NATIONAL AFFAIRS: by Patrick J. ByrneNews Weekly
Trade and Australia's farm dependent economy
, April 9, 2005
While Australia continues to pursue free trade in world agriculture, there are warnings that the current World Trade Organisation proposals on agricultural reform may see farm subsidies increase, not decrease.
Warning of what was on the table, Dr Brian Fisher, from the Australian Bureau of Agricultural and Resource Economics (ABARE), said that under the new proposals the US could increase subsidies for wheat, feed grain, rice, cotton and oilseeds.
Currently, the World Trade Organisation (WTO) has underway an agricultural round of trade rule negotiations, ostensibly aimed at reforming farm subsidies, particularly in developed countries.
Former Deputy Director of the Department of Trade, Colin Teese, was Australia's chief negotiator in the 1970s and '80s at the General Agreement on Tariff and Trade (GATT), now the WTO. He has pointed out, "EU, Japan and US officials have for the past forty years said that they intend to implement rules to cut farm subsidies and other trade barriers.
"But it's never seriously happened. Changes have been token, often closing off some subsidies while opening up new areas for subsidies.
"This is because from the outset in 1947, the GATT agreed to have agriculture treated differently from other industries. Farmers have no market power to affect the price of their inputs (like farm equipment, seeds, chemicals and fertilizers), which are largely supplied by huge corporations. Nor do farmers have the market power to affect the price of their product at the farm gate, like one farmer selling his beef or wheat onto the Australian or world market.
"Farmers are price takers on both inputs and outputs. No other industry is devoid of such market power.
"Consequently, while the big economies of the EU, Japan and the US preach the 'free trade' mantra in WTO talks, in the end, to ensure they are relatively self-sufficient in food production, they make sure the WTO rules are open enough for them to provide substantial subsidies to their farmers, as well as import restrictions on food imports."
Australia and New Zealand alone have pursued policies opposite to all WTO members. Over the past 20 years, not only have they cut subsidies to insignificant levels, they have deregulated their farm industries leaving farmers to compete on the domestic market at corrupt world prices, and exposed with no market power when buying farm inputs or selling their products to large corporations.

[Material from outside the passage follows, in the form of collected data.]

(* Let $n,d$ be positive integers, $y_1,\dots,y_n\in\{-1,1\}$ and $\bar{x}_1,\dots,\bar{x}_n\in\mathbb{R}^{d+1}$ (no probabilistic assumptions). Let $H:\mathbb{R}^{d+1}\to\mathbb{R}^{(d+1)\times(d+1)}$ be $H(\theta)=\sum_{i=1}^n\psi(y_i\bar{x}_i\cdot\theta)\,\bar{x}_i\bar{x}_i^{\top}$, where $\psi(z)=\frac{\phi(z)}{\Phi(z)}\big(z+\frac{\phi(z)}{\Phi(z)}\big)$, and let $$L=\sup_{\theta\in\mathbb{R}^{d+1}}\lambda_{\max}(H(\theta)),\qquad m=\inf_{\theta\in\mathbb{R}^{d+1}}\lambda_{\min}(H(\theta)).$$ Define, for integers $s\in[0,n]$, $$P(s)=\inf_{v\in\mathbb{S}^d}\min_{I\subset\{1,\dots,n\}:|I|=s}\sum_{i\in I}|\bar{x}_i\cdot v|^2,\qquad s^*=\inf_{u\in\mathbb{S}^d}\sum_{i=1}^n\mathds{1}_{(-\infty,0]}(y_i\bar{x}_i\cdot u).$$ Then: (i) $L/m<\infty$ if and only if $\mathrm{Span}((\bar{x}_i)_{i\in I_u})=\mathbb{R}^{d+1}$ for every $u\in\mathbb{S}^d$, where $I_u=\{i\in\{1,\dots,n\}: y_i\bar{x}_i\cdot u\le 0\}$. (ii) If $(\bar{x}_i)_{i\in I}$ spans $\mathbb{R}^{d+1}$ for every $I\subset\{1,\dots,n\}$ with $|I|>d$, then $L/m<\infty$ if and only if $s^*>d$. (iii) $L/m\le \frac{\pi}{2}\,\lambda_{\max}\big(\sum_{i=1}^n\bar{x}_i\bar{x}_i^{\top}\big)/P(s^* )$.
   Context: $\Phi$ and $\phi$ denote the c.d.f. and p.d.f. of the standard normal distribution. $\mathbb{S}^d=\{v\in\mathbb{R}^{d+1}:|v|=1\}$. $\lambda_{\max},\lambda_{\min}$ are the largest and smallest eigenvalues of a symmetric positive semidefinite matrix. The ratio $L/m\in[1,\infty]$ is called the condition number, with $L/m=\infty$ when $m=0$. $H$ is the Hessian of the probit negative log-likelihood $\theta\mapsto-\sum_{i=1}^n\ln\Phi(y_i\bar{x}_i\cdot\theta)$. *)

theory Defs
  imports "HOL-Probability.Probability"
begin

definition std_phi :: "real \<Rightarrow> real" where
  "std_phi z = std_normal_density z"

definition std_Phi :: "real \<Rightarrow> real" where
  "std_Phi z = (LINT t:{..z}|lborel. std_normal_density t)"

definition psi :: "real \<Rightarrow> real" where
  "psi z = std_phi z / std_Phi z * (z + std_phi z / std_Phi z)"

definition outer :: "real^'n \<Rightarrow> real^'n^'n" where
  "outer v = (\<chi> i j. v $ i * v $ j)"

definition eigenvalues :: "real^'n^'n \<Rightarrow> real set" where
  "eigenvalues A = {c. \<exists>v. v \<noteq> 0 \<and> A *v v = c *\<^sub>R v}"

definition lambda_max :: "real^'n^'n \<Rightarrow> real" where
  "lambda_max A = Max (eigenvalues A)"

definition lambda_min :: "real^'n^'n \<Rightarrow> real" where
  "lambda_min A = Min (eigenvalues A)"

text \<open>Hessian of the probit negative log-likelihood; data indexed by i < N.\<close>
definition hess :: "nat \<Rightarrow> (nat \<Rightarrow> real) \<Rightarrow> (nat \<Rightarrow> real^'n) \<Rightarrow> real^'n \<Rightarrow> real^'n^'n" where
  "hess N y x \<theta> = (\<Sum>i<N. psi (y i * (x i \<bullet> \<theta>)) *\<^sub>R outer (x i))"

definition L_const :: "nat \<Rightarrow> (nat \<Rightarrow> real) \<Rightarrow> (nat \<Rightarrow> real^'n) \<Rightarrow> real" where
  "L_const N y x = (SUP \<theta>. lambda_max (hess N y x \<theta>))"

definition m_const :: "nat \<Rightarrow> (nat \<Rightarrow> real) \<Rightarrow> (nat \<Rightarrow> real^'n) \<Rightarrow> real" where
  "m_const N y x = (INF \<theta>. lambda_min (hess N y x \<theta>))"

definition cond_num :: "nat \<Rightarrow> (nat \<Rightarrow> real) \<Rightarrow> (nat \<Rightarrow> real^'n) \<Rightarrow> ereal" where
  "cond_num N y x = (if m_const N y x = 0 then \<infinity>
                     else ereal (L_const N y x / m_const N y x))"

definition P_fun :: "nat \<Rightarrow> (nat \<Rightarrow> real^'n) \<Rightarrow> nat \<Rightarrow> real" where
  "P_fun N x s = (INF v\<in>sphere 0 1.
      Min ((\<lambda>I. \<Sum>i\<in>I. \<bar>x i \<bullet> v\<bar>\<^sup>2) ` {I. I \<subseteq> {..<N} \<and> card I = s}))"

definition s_star :: "nat \<Rightarrow> (nat \<Rightarrow> real) \<Rightarrow> (nat \<Rightarrow> real^'n) \<Rightarrow> nat" where
  "s_star N y x = (INF u\<in>(sphere 0 1 :: (real^'n) set).
      (\<Sum>i<N. (indicator {..0::real} (y i * (x i \<bullet> u)) :: nat)))"

definition I_u :: "nat \<Rightarrow> (nat \<Rightarrow> real) \<Rightarrow> (nat \<Rightarrow> real^'n) \<Rightarrow> real^'n \<Rightarrow> nat set" where
  "I_u N y x u = {i. i < N \<and> y i * (x i \<bullet> u) \<le> 0}"

end

theory Submission
  imports Defs "HOL-Real_Asymp.Real_Asymp"
begin

(* Write psi z = r (z + r), where r = phi z / Phi z is the Mills ratio. Comparing r with the
   positive root of rho (rho + z) = c / 4 (with c = 4 everywhere, and with c = 8 / pi for z <= 0)
   gives 0 <= psi <= 1, psi >= 2 / pi for z <= 0, and psi z -> 0 as z -> \<infinity>.
   Hence H(theta) <= sum_i x_i x_i^T, so L <= lambda_max (sum_i x_i x_i^T). For u = theta / |theta|
   the indices with y_i x_i . theta <= 0 are exactly those in I_u, so v^T H(theta) v is at least
   (2 / pi) sum_{i in I_u} (x_i . v)^2; this gives m >= (2 / pi) P(s_star), and m > 0 when every
   I_u spans. Conversely, if some I_u does not span, pick v orthogonal to it: along theta = t u
   with t -> \<infinity> every term of v^T H(theta) v tends to 0, so m = 0. *)

section \<open>The standard normal distribution\<close>

lemma std_phi_eq: "std_phi z = exp (- z\<^sup>2 / 2) / sqrt (2 * pi)"
  by (simp add: std_phi_def std_normal_density_def)

lemma std_phi_pos: "std_phi z > 0"
  by (simp add: std_phi_eq)

lemma continuous_on_std_phi: "continuous_on S std_phi"
  unfolding std_phi_eq[abs_def] by (intro continuous_intros) auto

lemma std_phi_deriv: "(std_phi has_real_derivative - z * std_phi z) (at z)"
  unfolding std_phi_eq[abs_def]
  by (auto intro!: derivative_eq_intros simp: power2_eq_square field_simps)

lemma std_Phi_eq_cdf: "std_Phi = cdf std_normal_distribution"
proof
  fix z
  have "cdf std_normal_distribution z = integral\<^sup>L std_normal_distribution (indicator {..z})"
    by (simp add: cdf_def prob_space.emeasure_space_1[OF prob_space_normal_density])
  also have "\<dots> = integral\<^sup>L lborel (\<lambda>t. std_normal_density t *\<^sub>R indicator {..z} t)"
    by (subst integral_density) auto
  finally show "std_Phi z = cdf std_normal_distribution z"
    by (simp add: std_Phi_def set_lebesgue_integral_def mult.commute)
qed

interpretation std_normal: real_distribution std_normal_distribution
  by (rule real_dist_normal_dist)

lemma std_Phi_diff:
  assumes "a < b" shows "std_Phi b - std_Phi a = integral {a..b} std_phi"
proof -
  have "std_Phi b - std_Phi a = measure std_normal_distribution {a<..b}"
    unfolding std_Phi_eq_cdf using assms by (rule std_normal.cdf_diff_eq)
  also have "\<dots> = integral\<^sup>L lborel (\<lambda>t. std_normal_density t *\<^sub>R indicator {a<..b} t)"
    by (subst integral_density[symmetric]) auto
  also have "\<dots> = (LINT t:{a<..b}|lborel. std_phi t)"
    by (simp add: std_phi_def set_lebesgue_integral_def mult.commute)
  also have "\<dots> = integral {a<..b} std_phi"
  proof (rule set_borel_integral_eq_integral(2))
    show "set_integrable lborel {a<..b} std_phi"
      unfolding set_integrable_def std_phi_def by (rule integrable_mult_indicator) auto
  qed
  also have "\<dots> = integral {a..b} std_phi"
  proof (rule integral_spike_set)
    show "negligible {t \<in> {a<..b} - {a..b}. std_phi t \<noteq> 0}"
      by (rule negligible_subset[of "{}"]) auto
    show "negligible {t \<in> {a..b} - {a<..b}. std_phi t \<noteq> 0}"
      by (rule negligible_subset[of "{a}"]) auto
  qed
  finally show ?thesis .
qed

lemma std_Phi_deriv: "(std_Phi has_real_derivative std_phi z) (at z)"
proof -
  have "((\<lambda>t. integral {z - 1..t} std_phi) has_real_derivative std_phi z) (at z within {z - 1..z + 1})"
    by (rule integral_has_real_derivative) (auto intro: continuous_on_std_phi)
  then have "((\<lambda>t. integral {z - 1..t} std_phi) has_real_derivative std_phi z) (at z)"
    by (simp add: at_within_Icc_at)
  from DERIV_add[OF DERIV_const this]
  have "((\<lambda>t. std_Phi (z - 1) + integral {z - 1..t} std_phi) has_real_derivative std_phi z) (at z)"
    by simp
  then show ?thesis
  proof (rule has_field_derivative_transform_within_open[where S = "{z - 1<..<z + 1}"])
    fix t assume "t \<in> {z - 1<..<z + 1}"
    then show "std_Phi (z - 1) + integral {z - 1..t} std_phi = std_Phi t"
      using std_Phi_diff[of "z - 1" t] by auto
  qed auto
qed

lemma std_Phi_at_bot: "(std_Phi \<longlongrightarrow> 0) at_bot"
  unfolding std_Phi_eq_cdf by (rule std_normal.cdf_lim_at_bot)

lemma std_Phi_at_top: "(std_Phi \<longlongrightarrow> 1) at_top"
  unfolding std_Phi_eq_cdf by (rule std_normal.cdf_lim_at_top_prob)

lemma std_Phi_pos: "std_Phi z > 0"
proof -
  have "std_Phi (z - 1) < std_Phi z"
    by (rule DERIV_pos_imp_increasing[of "z - 1"]) (auto intro: std_Phi_deriv std_phi_pos)
  then show ?thesis
    using std_normal.cdf_nonneg[of "z - 1"] by (simp add: std_Phi_eq_cdf)
qed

These policies have caused economic stress and social dislocation in Australian rural and regional areas.
This raises the question, what is the value of agriculture to the Australian economy?
Recently, the Australian Farm Institute, in conjunction with the Horticulture Australia, produced a significant report, Australia's Farm Dependent Economy: Analysis of the Role of Agriculture in the Australian Economy.
The report found that agriculture adds 3.2% to the Australian economy, but when the industries dependent upon agriculture are also considered, they make up 12.2% of the economy, worth $72.4 billion annually, and employing 17.2% of the Australian workforce. This makes agriculture and dependent industries bigger than either the manufacturing, or mining, or construction or property and business services sectors of the economy.
In line with how the US and other countries define the value of agriculture to the economy, the report said the Farm Dependent Economy (FDE) included the agricultural input sector (suppliers of machinery, chemicals, fertilisers, seeds etc), the agricultural sector itself, and the farm output sector (all those industries that process food and fibre into a huge array of foods, textiles, timber and other products).
The report found that in the Australian agricultural sector, for every million dollars generated at farm gate, there were 22 jobs on the farm, and another 65 jobs in the farm input and output sectors.
The study examined the value of the US and Canadian FDEs to their respective economies, allowing reasonable comparisons with Australia.
In 1996, the US agricultural sector contributed only 0.9% to GDP, but the total contribution of the US farm dependent economy is 13.1% of GDP, and employs 16.9% of the American workforce.
Compared to Australia, the US gains more economic benefit from exports of high-value products. These are farm products that have undergone substantial processing and handling, therefore high value adding, than the sort of bulk exports of Australian farmers. Our main exports, like wheat and live cattle, undergo little value adding in Australia.
In Canada, the agricultural sector accounts for 1.4% of GDP, but the broader farm dependent economy makes up 8.4% of GDP, and 13% of the workforce. Like Australia, Canada does not carry out as much down-stream processing of agricultural product - hence the lower contribution of the farm output sector than in the US.
The report said that in general, Australia lags behind other countries for exporting processed agricultural products.
While US exports of high value added, processed food grew 21% over the period 1994-98, Australia's grew just 1.8%
Over the same period, the exports of large volume, unprocessed, low value products like grains and livestock grew 40%.
The report concluded: "Given the marked difference between the prices of processed and unprocessed agricultural products, the agricultural sector may be losing valuable export earnings by not processing more of its products prior to export."